Дальше помню грохот от удара входной двери, как квартиру заполнила тьма. Она была не просто темной, а обволакивающей. Казалось, её можно потрогать, ощутить. Стало дико холодно, по коже побежали мурашки, опьянение отступало. Мной начал овладевать дикий ужас, первобытный, необузданный страх. Сердце билось с бешеной скоростью, я чувствовал пульсацию вен в голове. Меня будто парализовало, и все ,что я мог- это молча лежать на полу, пошевелиться или закричать даже мысли не возникло. Какая-то часть меня внушала мне безумную мысль “Услышали! Сейчас заберут предложенное. Не смотри! Главное не смотри, не смотри!”. И я зажмурился изо всех сил, до боли в глазах. От страха меня бросило в пот. Я начал прислушиваться к происходящему вокруг.
Поначалу звуков никаких не было, стояла гробовая тишина. Потом я услышал слабо различимое шуршание, было похоже на цокот маленьких коготков. Этот звук принадлежал первому. Слышался и другой: сиплое дыхание, мокрое шлепанье, причмокивание. Это был звук второго. Было и ощущение, что ходят ноги человека. Но странное ощущение, казалось, ног больше чем две. Так звучали третьи. Я не видел, но был уверен- их было много, вокруг меня в неестественной тьме.
Я ощутил прикосновения. Покалывающие, но аккуратные. Это были прикосновения точно не рук. Никогда не ощущал ничего подобного. Они проходили по всему моему телу, неупорядоченно, вразнобой, перескакивая то на руку, то на ногу, то на голову. В какой-то момент они сосредоточились на моей правой руке. От локтя до кончиков пальцев я почувствовал сдавливание, как от тисков, и сильный холод. Через мгновение я почувствовал невообразимую боль. Она пульсировала и усиливалась в месте, где холод начинался. Сознание покинуло меня.
Придя в себя, я обнаружил, что лежу на своей кровати. Солнце пробивается сквозь занавески. Вчерашняя попойка давала о себе знать. Состояние паршивое. Хотелось выпить канистру воды, голова была ватная, ну и урод же я! Напился как свинья до беспамятства. Надо срочно вставать, Машка в больнице ждет моего прихода. При мысли о ней сердце, как будто разрывается и к горлу подкатывает ком. Надо держать себя в руках, надо собраться. Я встал с кровати, поставил ноги на холодный пол. Голова раскалывалась, перед глазами все поплыло. Я рефлекторно вытянул правую руку, чтобы опереться о тумбу, но промахнулся, падая, ударился об ее угол плечом. Больно было до звездочек перед глазами. Сел на пол, обхватив до сих пор болящее плечо, растер его. Попытался вытянуть правую руку и не смог, её не было. Вместо руки была гладкая культя, заканчивающаяся чуть ниже плечевого сустава.

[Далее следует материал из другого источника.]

(* Let $S$ be an entropy function for a finite set $X$, $X'\subset X$, and $S'(A):=\min_{\hat A\subseteq X\setminus X'}S(A\cup\hat A)$ for $A\subseteq X'$. For $f':X'\to\mathbb R$ let $f_{f'}:X\to\mathbb R$ equal $f'$ on $X'$ and $0$ on $X\setminus X'$. Then $f'$ is an EDF for $S'$ if and only if $f_{f'}$ is an EDF for $S$.
   Context: An entropy function for a finite set $X$ is a function $S:2^X\to[0,\infty)$ with $S(\emptyset)=0$, $S(A)+S(B)\ge S(A\cap B)+S(A\cup B)$ and $S(A)+S(B)\ge S(A\setminus B)+S(B\setminus A)$ for all $A,B\subseteq X$. An entanglement distribution function (EDF) for $S$ is a function $f:X\to\mathbb R$ with $\big|\sum_{x\in A}f(x)\big|\le S(A)$ for all $A\subseteq X$. *)

theory Defs
  imports "HOL-Analysis.Analysis"
begin

definition entropy_function :: "'a set \<Rightarrow> ('a set \<Rightarrow> real) \<Rightarrow> bool" where
  "entropy_function X S \<longleftrightarrow> finite X \<and> S {} = 0 \<and>
     (\<forall>A. A \<subseteq> X \<longrightarrow> S A \<ge> 0) \<and>
     (\<forall>A B. A \<subseteq> X \<longrightarrow> B \<subseteq> X \<longrightarrow> S A + S B \<ge> S (A \<inter> B) + S (A \<union> B)) \<and>
     (\<forall>A B. A \<subseteq> X \<longrightarrow> B \<subseteq> X \<longrightarrow> S A + S B \<ge> S (A - B) + S (B - A))"

definition EDF :: "'a set \<Rightarrow> ('a set \<Rightarrow> real) \<Rightarrow> ('a \<Rightarrow> real) \<Rightarrow> bool" where
  "EDF X S f \<longleftrightarrow> (\<forall>A. A \<subseteq> X \<longrightarrow> \<bar>\<Sum>x\<in>A. f x\<bar> \<le> S A)"

definition reduced_entropy :: "'a set \<Rightarrow> 'a set \<Rightarrow> ('a set \<Rightarrow> real) \<Rightarrow> 'a set \<Rightarrow> real" where
  "reduced_entropy X X' S A = Min ((\<lambda>H. S (A \<union> H)) ` Pow (X - X'))"

definition zero_ext :: "'a set \<Rightarrow> ('a \<Rightarrow> real) \<Rightarrow> 'a \<Rightarrow> real" where
  "zero_ext X' f x = (if x \<in> X' then f x else 0)"

end

theory Submission
  imports Defs
begin

text \<open>Only the finiteness of X is needed: every B \<subseteq> X splits uniquely as A \<union> H with
  A = B \<inter> X' and H = B - X', the zero extension of f' has the same sum over B as f' over A,
  and the minimum defining S'(A) is bounded below by c exactly when every S(A \<union> H) is.\<close>

lemma sum_zero_ext:
  assumes "finite A"
  shows "(\<Sum>x\<in>A. zero_ext X' f x) = (\<Sum>x\<in>A \<inter> X'. f x)"
  using assms by (simp add: zero_ext_def sum.If_cases Int_def)

lemma le_reduced_entropy_iff:
  assumes "finite X"
  shows "c \<le> reduced_entropy X X' S A \<longleftrightarrow> (\<forall>H \<subseteq> X - X'. c \<le> S (A \<union> H))"
proof -
  have "finite ((\<lambda>H. S (A \<union> H)) ` Pow (X - X'))" and "(\<lambda>H. S (A \<union> H)) ` Pow (X - X') \<noteq> {}"
    using assms by auto
  then show ?thesis
    unfolding reduced_entropy_def by (auto simp: Min_ge_iff)
qed

lemma EDF_reduced_entropy_iff:
  assumes "finite X"
  shows "EDF X' (reduced_entropy X X' S) f \<longleftrightarrow>
    (\<forall>A \<subseteq> X'. \<forall>H \<subseteq> X - X'. \<bar>\<Sum>x\<in>A. f x\<bar> \<le> S (A \<union> H))"
  unfolding EDF_def le_reduced_entropy_iff[OF assms] by blast

lemma all_subset_split_iff:
  assumes "X' \<subseteq> X"
  shows "(\<forall>B \<subseteq> X. P (B \<inter> X') (B - X')) \<longleftrightarrow> (\<forall>A \<subseteq> X'. \<forall>H \<subseteq> X - X'. P A H)"
proof safe
  fix A H
  assume "\<forall>B \<subseteq> X. P (B \<inter> X') (B - X')" and "A \<subseteq> X'" and "H \<subseteq> X - X'"
  moreover have "(A \<union> H) \<inter> X' = A" and "(A \<union> H) - X' = H" and "A \<union> H \<subseteq> X"
    using \<open>A \<subseteq> X'\<close> \<open>H \<subseteq> X - X'\<close> assms by blast+
  ultimately show "P A H" by metis
qed (meson Diff_mono Int_lower2 order_refl)

lemma EDF_zero_ext_iff:
  assumes "finite X"
  shows "EDF X S (zero_ext X' f) \<longleftrightarrow>
    (\<forall>B \<subseteq> X. \<bar>\<Sum>x\<in>B \<inter> X'. f x\<bar> \<le> S ((B \<inter> X') \<union> (B - X')))"
  unfolding EDF_def Int_Diff_Un using assms by (metis finite_subset sum_zero_ext)

theorem proposition27:
  fixes X X' :: "'a set" and S :: "'a set \<Rightarrow> real" and f' :: "'a \<Rightarrow> real"
  assumes "entropy_function X S"
    and "X' \<subseteq> X"
  shows "EDF X' (reduced_entropy X X' S) f' \<longleftrightarrow> EDF X S (zero_ext X' f')"
proof -
  have finX: "finite X"
    using assms(1) unfolding entropy_function_def by blast
  show ?thesis
    unfolding EDF_reduced_entropy_iff[OF finX] EDF_zero_ext_iff[OF finX]
    using all_subset_split_iff[OF assms(2), of "\<lambda>A H. \<bar>\<Sum>x\<in>A. f' x\<bar> \<le> S (A \<union> H)"]
    by simp
qed

end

И тут воспоминания нахлынули на меня. Моя мольба, тьма, животный ужас, звуки, прикосновения, боль. Не удалось вспомнить только одно, какие именно слова я использовал для своей мольбы и кого все-таки молил. Как я ни старался, ничего в голове не всплывало, но было стойкое ощущение, что я высказал всю свою боль, сорвал наконец то пластырь. Одним махом все сокровенные мысли и желания обрели словесную форму. Но это не важно. Сейчас ничего, кроме одного, не имеет никакого значения, меня услышали. Мой крик о помощи не остался без ответа. Мою мольбу выполнили. А точно ли выполнили до конца? Я сейчас должен проверить.
Привести себя в более-менее приличный вид оказалась задача не простая, огромными усилиями и с матом, но мне все же удалось. Я торопился, я должен был убедиться, должен был собственными глазами все увидеть. В коридоре не было ни следа вчерашнего происшествия, а вот кухня сохранила память о вчерашней попойке. Настоящий сюрприз поджидал меня в шкафу. Все свитера, рубашки, кофты и пиджаки были подготовлены к моей однорукой жизни. Рукава заботливо подшиты под культю, все с пуговицами оказалось в дальнем углу шкафа. Даже в обуви была проведена ревизия. Шнурки уступили место удобным кроссовкам и кедам на липучках.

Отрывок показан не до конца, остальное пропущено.